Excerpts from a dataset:
(* Let $X_n$ be the final altitude of a uniformly random Dyck meander with catastrophes of length $n$. Then $X_n$ admits a geometric limit distribution: $\Pr(X_n=k)\sim(1-\lambda)\lambda^k$, where $\lambda=v_1(\rho_0)^{-1}\approx0.6823278$ is the unique real positive root of $\lambda^3+\lambda-1$, namely $\lambda=\frac16\big(108+12\sqrt{93}\big)^{1/3}-2\big(108+12\sqrt{93}\big)^{-1/3}$.
   Context: Dyck paths with catastrophes: paths starting at altitude $0$, never going below $0$, with steps $+1$, $-1$, and catastrophes (a step from an altitude $h\ge2$ directly to altitude $0$); meanders may end at any altitude; length = number of steps; the final altitude is the altitude of the endpoint. Here $v_1(z)=\frac{1+\sqrt{1-4z^2}}{2z}$ is the large root of $1-z(u^{-1}+u)=0$, and $\rho_0\approx0.46557$ is the unique positive root of $\rho_0^3+2\rho_0^2+\rho_0-1$. *)

theory Defs
  imports Complex_Main
begin

datatype step = Up | Down | Cat

fun walk :: "nat \<Rightarrow> step list \<Rightarrow> nat option" where
  "walk h [] = Some h"
| "walk h (Up # s) = walk (Suc h) s"
| "walk h (Down # s) = (if h \<ge> 1 then walk (h - 1) s else None)"
| "walk h (Cat # s) = (if h \<ge> 2 then walk 0 s else None)"

definition meanders :: "nat \<Rightarrow> step list set" where
  "meanders n = {w. length w = n \<and> walk 0 w \<noteq> None}"

definition final_alt_prob :: "nat \<Rightarrow> nat \<Rightarrow> real" where
  "final_alt_prob n k =
     real (card {w \<in> meanders n. walk 0 w = Some k}) / real (card (meanders n))"

definition v1 :: "real \<Rightarrow> real" where
  "v1 z = (1 + sqrt (1 - 4 * z^2)) / (2 * z)"

definition rho0 :: real where
  "rho0 = (THE r. r > 0 \<and> r^3 + 2 * r^2 + r - 1 = 0)"

end

theory Submission
  imports Defs "HOL-Analysis.Analysis" "HOL-Library.Diagonal_Subsequence"
begin

text \<open>Cutting a meander at its first catastrophe gives the renewal equation
  \<open>C(n,k) = D(n,k) + \<Sum>\<^sub>j G(j) C(n-1-j,k)\<close>, where \<open>C\<close> and \<open>D\<close> count the meanders of
  length \<open>n\<close> and final altitude \<open>k\<close> with and without catastrophes, and \<open>G(j)\<close> counts the
  catastrophe-free meanders of length \<open>j\<close> ending at altitude at least 2.
  At \<open>\<rho> = \<lambda>^2 = \<rho>\<^sub>0\<close> the generating functions of catastrophe-free meanders are explicit:
  \<open>\<Sum>\<^sub>n D(n,k) \<rho>^n = \<lambda>^(k-1)\<close> and \<open>\<Sum>\<^sub>n \<Sum>\<^sub>k D(n,k) \<rho>^n = 1/(\<lambda>(1-\<lambda>))\<close>. Hence the weights
  \<open>\<rho>^m G(m-1)\<close> form a probability law, positive for \<open>m \<ge> 3\<close> and with an exponential tail.
  The renewal theorem for such a law (Erdos-Feller-Pollard) gives
  \<open>\<rho>^n C(n,k) \<rightarrow> \<lambda>^(k-1)/\<mu>\<close> and \<open>\<rho>^n \<Sum>\<^sub>k C(n,k) \<rightarrow> 1/(\<lambda>(1-\<lambda>)\<mu>)\<close>, with \<open>\<mu>\<close> the mean
  of the law; the ratio of the two limits is \<open>(1-\<lambda>)\<lambda>^k\<close>.\<close>

section \<open>The real root of the cubic\<close>

lemma cardano_root:
  fixes lam :: real
  defines "lam \<equiv> root 3 (108 + 12 * sqrt 93) / 6 - 2 / root 3 (108 + 12 * sqrt 93)"
  shows "lam > 0" "lam^3 + lam - 1 = 0"
proof -
  define a where "a = root 3 (108 + 12 * sqrt 93)"
  have a3: "a^3 = 108 + 12 * sqrt 93"
    unfolding a_def by (subst real_root_pow_pos2) auto
  have "9 < sqrt 93" by (rule real_less_rsqrt) simp
  hence "6^3 < a^3" using a3 by simp
  hence a6: "6 < a" by (rule power_less_imp_less_base) (simp add: a_def)
  have lam_a: "lam = (a^2 - 12) / (6 * a)"
    unfolding lam_def a_def[symmetric] using a6 by (simp add: field_simps power2_eq_square)
  have "a^6 - 216 * a^3 - 1728 = 0"
  proof -
    have "a^6 = (a^3)^2" by (simp flip: power_mult)
    thus ?thesis unfolding a3 by (simp add: power2_eq_square algebra_simps)
  qed
  moreover have "216 * a^3 * (lam^3 + lam - 1) = a^6 - 216 * a^3 - 1728"
    unfolding lam_a using a6
    by (simp add: field_simps power_divide power_mult_distrib) (simp add: algebra_simps eval_nat_numeral)
  ultimately show "lam^3 + lam - 1 = 0" using a6 by simp
  have "6^2 < a^2" using a6 by (intro power_strict_mono) auto
  thus "lam > 0" unfolding lam_a using a6 by simp
qed

lemma cubic_root_unique:
  fixes x y :: real
  assumes "x > 0" "y > 0" "x^3 + x - 1 = 0" "y^3 + y - 1 = 0"
  shows "x = y"
proof (rule ccontr)
  assume "x \<noteq> y"
  hence "x < y \<or> y < x" by linarith
  moreover have "x^3 < y^3" if "x < y" using that assms by (intro power_strict_mono) auto
  moreover have "y^3 < x^3" if "y < x" using that assms by (intro power_strict_mono) auto
  ultimately show False using assms by linarith
qed

locale cubic_root =
  fixes l :: real
  assumes pos: "l > 0" and cubic: "l^3 + l - 1 = 0"
begin

lemma cube_eq: "l^3 = 1 - l"
  using cubic by simp

lemma lt_one: "l < 1"
  using pos cube_eq by (smt (verit) zero_less_power)

lemma gt_half: "l > 1/2"
proof (rule ccontr)
  assume "\<not> l > 1/2"
  hence "l^3 \<le> (1/2)^3" using pos by (intro power_mono) auto
  thus False using cube_eq \<open>\<not> l > 1/2\<close> by (simp add: power_divide)
qed

lemma two_sq_lt_one: "2 * l^2 < 1"
proof (rule ccontr)
  assume "\<not> 2 * l^2 < 1"
  hence "l / 2 \<le> l * l^2" using pos by (simp add: mult_left_mono)
  hence "l \<le> 2/3" using cube_eq by (simp add: power3_eq_cube power2_eq_square)
  hence "l^2 \<le> (2/3)^2" using pos by (intro power_mono) auto
  thus False using \<open>\<not> 2 * l^2 < 1\<close> by (simp add: power2_eq_square)
qed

Aim of the task
All lines of the records above that contain the word "else" are to be copied out.

Reply
| "walk h (Down # s) = (if h \<ge> 1 then walk (h - 1) s else None)"
| "walk h (Cat # s) = (if h \<ge> 2 then walk 0 s else None)"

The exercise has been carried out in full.